Biography
Bruno Malphettes is Business Development Director at Fives, in charge of bringing innovative hot end solutions to glassmakers across multiple segments and geographies. He has been with Fives since 2018, when he joined as a glass furnace expert to participate in the development, design and implementation of innovative glass melting projects.
He obtained his degree in Materials Science and Engineering at the Ecole des Mines in France, where he discovered a passion for glass.
Prior to Fives, Bruno started his career as Melting Operations Manager for the Saint-Gobain – Corning joint-venture Eurokera. From this point, he assumed several technical and commercial roles in the Saint-Gobain group over 15 years, in the fields of solar glass, furnace refractory, glass furnace design and glass melting problems troubleshooting.
Presentation
After several years investigating multiple paths towards decarbonation, the opinion of glass technologists, investors and customers across the industry seem to converge on two conclusions, fueled by pragmatism, geopolitics and research: there is a growing desire to get rid of fossil fuels in glass melting and conditioning, and direct electrification is most obvious and the least painful path to decarbonization.
Questions however remain wide open: what is the precise pathway, what are the practical steps to take to electrify and when to implement them?

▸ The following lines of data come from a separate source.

(* Let $\mathcal{I}\in\mathrm{Ins}(\Omega,\mathcal{H},\mathcal{K})$ be an instrument. Then any two complementary instruments of $\mathcal{I}$, relative to any two dilations of $\mathcal{I}$, are postprocessing equivalent.
   Context: All Hilbert spaces are finite-dimensional and complex, and all outcome sets are finite. A POVM $\mathsf{E}\in\mathcal{O}(\Omega,\mathcal{H})$ is a map $x\mapsto \mathsf{E}(x)$ from $\Omega$ to positive operators with $\sum_x\mathsf{E}(x)=I$. An instrument $\mathcal{I}\in\mathrm{Ins}(\Omega,\mathcal{H},\mathcal{K})$ is a family $(\mathcal{I}_x)_{x\in\Omega}$ of completely positive trace-nonincreasing linear maps $\mathcal{L}(\mathcal{H})\to\mathcal{L}(\mathcal{K})$ whose sum is trace preserving. A dilation of $\mathcal{I}$ is a triple $(\mathcal{H}_A,W,\mathsf{E})$ with $\mathcal{H}_A$ a Hilbert space, $W:\mathcal{H}\to\mathcal{H}_A\otimes\mathcal{K}$ an isometry and $\mathsf{E}\in\mathcal{O}(\Omega,\mathcal{H}_A)$, such that $\mathcal{I}_x(\varrho)=\mathrm{tr}_{\mathcal{H}_A}[W\varrho W^*(\mathsf{E}(x)\otimes I_{\mathcal{K}})]$ for all $x$ and states $\varrho$. The complementary instrument relative to this dilation is $\mathcal{I}^C\in\mathrm{Ins}(\Omega,\mathcal{H},\mathcal{H}_A)$, $\mathcal{I}^C_x(\varrho)=\mathrm{tr}_{\mathcal{K}}[(\sqrt{\mathsf{E}(x)}\otimes I_{\mathcal{K}})W\varrho W^*(\sqrt{\mathsf{E}(x)}\otimes I_{\mathcal{K}})]$. For instruments $\mathcal{I}\in\mathrm{Ins}(\Omega,\mathcal{H},\mathcal{K})$ and $\mathcal{J}\in\mathrm{Ins}(\Lambda,\mathcal{H},\mathcal{V})$, $\mathcal{I}\preceq\mathcal{J}$ (postprocessing) if there exist instruments $\mathcal{R}^{(y)}\in\mathrm{Ins}(\Omega,\mathcal{V},\mathcal{K})$, $y\in\Lambda$, with $\mathcal{I}_x=\sum_y\mathcal{R}^{(y)}_x\circ\mathcal{J}_y$ for all $x$; they are postprocessing equivalent if $\mathcal{I}\preceq\mathcal{J}$ and $\mathcal{J}\preceq\mathcal{I}$. *)

theory Defs
  imports "HOL-Analysis.Analysis" "HOL-Library.Complex_Order"
begin

text \<open>Finite-dimensional complex Hilbert spaces are modelled as C^'n for a finite type 'n;
  operators from C^'n to C^'m are matrices of type complex^'n^'m. The tensor product of
  C^'a and C^'k is C^('a \<times> 'k).\<close>

definition adj :: "complex^'n^'m \<Rightarrow> complex^'m^'n" where
  "adj A = (\<chi> i j. cnj (A $ j $ i))"

definition cscale :: "complex \<Rightarrow> complex^'n^'m \<Rightarrow> complex^'n^'m" where
  "cscale c A = (\<chi> i j. c * A $ i $ j)"

definition psd :: "complex^'n^'n \<Rightarrow> bool" where
  "psd A \<longleftrightarrow> (\<forall>v :: complex^'n. 0 \<le> (\<Sum>i\<in>UNIV. cnj (v $ i) * (A *v v) $ i))"

definition density :: "complex^'n^'n \<Rightarrow> bool" where
  "density \<rho> \<longleftrightarrow> psd \<rho> \<and> trace \<rho> = 1"

definition isometry :: "complex^'n^'m \<Rightarrow> bool" where
  "isometry W \<longleftrightarrow> adj W ** W = mat 1"

definition psd_sqrt :: "complex^'n^'n \<Rightarrow> complex^'n^'n" where
  "psd_sqrt A = (THE B. psd B \<and> B ** B = A)"

definition kron :: "complex^'b^'a \<Rightarrow> complex^'d^'c \<Rightarrow> complex^('b \<times> 'd)^('a \<times> 'c)" where
  "kron A B = (\<chi> p q. A $ fst p $ fst q * B $ snd p $ snd q)"

definition ptrace1 :: "complex^('a::finite \<times> 'k::finite)^('a \<times> 'k) \<Rightarrow> complex^'k^'k" where
  "ptrace1 M = (\<chi> k l. \<Sum>a\<in>UNIV. M $ (a, k) $ (a, l))"

definition ptrace2 :: "complex^('a::finite \<times> 'k::finite)^('a \<times> 'k) \<Rightarrow> complex^'a^'a" where
  "ptrace2 M = (\<chi> a b. \<Sum>k\<in>UNIV. M $ (a, k) $ (b, k))"

definition clinear_map :: "(complex^'n^'n \<Rightarrow> complex^'m^'m) \<Rightarrow> bool" where
  "clinear_map \<Phi> \<longleftrightarrow> (\<forall>A B. \<Phi> (A + B) = \<Phi> A + \<Phi> B) \<and> (\<forall>c A. \<Phi> (cscale c A) = cscale c (\<Phi> A))"

text \<open>Complete positivity: for every k, the ampliation id_k \<otimes> \<Phi> maps positive operators on
  C^k \<otimes> H (written as k\<times>k block matrices (X i j), i,j<k, with blocks in L(H)) to positive
  operators on C^k \<otimes> K.\<close>
definition block_psd :: "nat \<Rightarrow> (nat \<Rightarrow> nat \<Rightarrow> complex^'n^'n) \<Rightarrow> bool" where
  "block_psd k X \<longleftrightarrow> (\<forall>v :: nat \<Rightarrow> complex^'n.
     0 \<le> (\<Sum>i<k. \<Sum>j<k. \<Sum>r\<in>UNIV. cnj (v i $ r) * (X i j *v v j) $ r))"

definition completely_positive :: "(complex^'n^'n \<Rightarrow> complex^'m^'m) \<Rightarrow> bool" where
  "completely_positive \<Phi> \<longleftrightarrow>
     (\<forall>k X. block_psd k X \<longrightarrow> block_psd k (\<lambda>i j. \<Phi> (X i j)))"

definition povm :: "('x::finite \<Rightarrow> complex^'a^'a) \<Rightarrow> bool" where
  "povm E \<longleftrightarrow> (\<forall>x. psd (E x)) \<and> (\<Sum>x\<in>UNIV. E x) = mat 1"

definition instrument :: "('x::finite \<Rightarrow> complex^'h^'h \<Rightarrow> complex^'k^'k) \<Rightarrow> bool" where
  "instrument I \<longleftrightarrow>
     (\<forall>x. clinear_map (I x) \<and> completely_positive (I x)
          \<and> (\<forall>\<rho>. psd \<rho> \<longrightarrow> trace (I x \<rho>) \<le> trace \<rho>))
     \<and> (\<forall>\<rho>. trace (\<Sum>x\<in>UNIV. I x \<rho>) = trace \<rho>)"

definition dilation ::
  "('x::finite \<Rightarrow> complex^'h^'h \<Rightarrow> complex^'k^'k) \<Rightarrow> complex^'h^('a \<times> 'k) \<Rightarrow> ('x \<Rightarrow> complex^'a^'a) \<Rightarrow> bool" where
  "dilation I W E \<longleftrightarrow> isometry W \<and> povm E \<and>
     (\<forall>x \<rho>. density \<rho> \<longrightarrow> I x \<rho> = ptrace1 (W ** \<rho> ** adj W ** kron (E x) (mat 1)))"

definition complementary ::
  "complex^'h^('a::finite \<times> 'k::finite) \<Rightarrow> ('x \<Rightarrow> complex^'a^'a) \<Rightarrow> 'x \<Rightarrow> complex^'h^'h \<Rightarrow> complex^'a^'a" where
  "complementary W E x \<rho> =
     ptrace2 (kron (psd_sqrt (E x)) (mat 1 :: complex^'k^'k) ** W ** \<rho> ** adj W
              ** kron (psd_sqrt (E x)) (mat 1 :: complex^'k^'k))"

definition postproc ::
  "('x::finite \<Rightarrow> complex^'h^'h \<Rightarrow> complex^'k^'k) \<Rightarrow> ('y::finite \<Rightarrow> complex^'h^'h \<Rightarrow> complex^'v^'v) \<Rightarrow> bool" where
  "postproc I J \<longleftrightarrow> (\<exists>R :: 'y \<Rightarrow> 'x \<Rightarrow> complex^'v^'v \<Rightarrow> complex^'k^'k.
     (\<forall>y. instrument (R y)) \<and> (\<forall>x. I x = (\<lambda>\<rho>. \<Sum>y\<in>UNIV. R y x (J y \<rho>))))"

definition postproc_equiv ::
  "('x::finite \<Rightarrow> complex^'h^'h \<Rightarrow> complex^'k^'k) \<Rightarrow> ('y::finite \<Rightarrow> complex^'h^'h \<Rightarrow> complex^'v^'v) \<Rightarrow> bool" where
  "postproc_equiv I J \<longleftrightarrow> postproc I J \<and> postproc J I"

end

theory Submission
  imports Defs
begin

text \<open>Put \<open>V\<^sub>x = (\<surd>E(x) \<otimes> I) W\<close>. Then \<open>\<I>\<^sub>x(\<rho>)\<close> and the complementary instrument
  \<open>\<I>\<^sup>C\<^sub>x(\<rho>)\<close> are the partial traces of \<open>V\<^sub>x \<rho> V\<^sub>x\<^sup>*\<close> over \<open>H\<^sub>A\<close> and over \<open>K\<close>; the latter is
  \<open>M\<^sub>x (I \<otimes> \<rho>) M\<^sub>x\<^sup>*\<close>, where \<open>M\<^sub>x : K \<otimes> H \<rightarrow> H\<^sub>A\<close> is \<open>V\<^sub>x\<close> with its \<open>K\<close>-output moved to the
  input. The \<open>K\<close>-blocks of the Gram matrix \<open>M\<^sub>x\<^sup>* M\<^sub>x\<close> are the operators whose quadratic forms
  are the entries of \<open>\<I>\<^sub>x(|u\<rangle>\<langle>u|)\<close>, so two dilations give factors \<open>M\<^sub>x\<close>, \<open>N\<^sub>x\<close> with the same
  Gram matrix. Hence \<open>M\<^sub>x = U\<^sub>x N\<^sub>x\<close> and \<open>N\<^sub>x = U\<^sub>x\<^sup>* M\<^sub>x\<close> for a partial isometry \<open>U\<^sub>x\<close>, and the
  channel \<open>\<sigma> \<mapsto> U\<^sub>x \<sigma> U\<^sub>x\<^sup>* + tr((I - U\<^sub>x\<^sup>* U\<^sub>x) \<sigma>) |e\<rangle>\<langle>e|\<close> turns the second complementary
  instrument into the first, outcome by outcome; the converse follows by symmetry. Positive square
  roots and the partial isometry both come from the spectral theorem for Hermitian matrices, proved
  by maximising the Rayleigh quotient.\<close>

section \<open>Inner product and adjoint\<close>

definition cinner :: "complex^'n \<Rightarrow> complex^'n \<Rightarrow> complex" where
  "cinner u w = (\<Sum>i\<in>UNIV. cnj (u$i) * w$i)"

definition outer :: "complex^'m \<Rightarrow> complex^'n \<Rightarrow> complex^'n^'m" where
  "outer x y = (\<chi> i j. x$i * cnj (y$j))"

Our certainty is that optimal answers exist for each plant, each rebuild and each investment, whatever the pressure of CAPEX, OPEX or schedule; the challenge is to remain flexible, with the right mix of creativity and rigor.
This paper will explore four different ways that have effectively been followed to combine significant electrification with efficiency and realistic business case. These different ways are not meant to be generalized but to illustrate the diversity of solutions as well as the key importance of innovating designs, serious modeling and forward-thinking implementation.
In the first two examples, we will describe two projects of partial electrification of a regenerative furnace in a highly constrained capex pressure – one of them for a Sisecam furnace. We will explain in both cases how we found the good compromise between ideal design and cost of implementation, and the actual results obtained.
In the next two examples, we will show how radical changes such as regenerative to recuperative and oxygas to all-electric have been found as the lowest total cost of ownership in specific contexts.
Across all four examples, we will also insist on the side benefits of technological upgrades that still can be factored to facilitate positive and de-risked decisions that make the industry evolve gradually in a radical and no-return direction.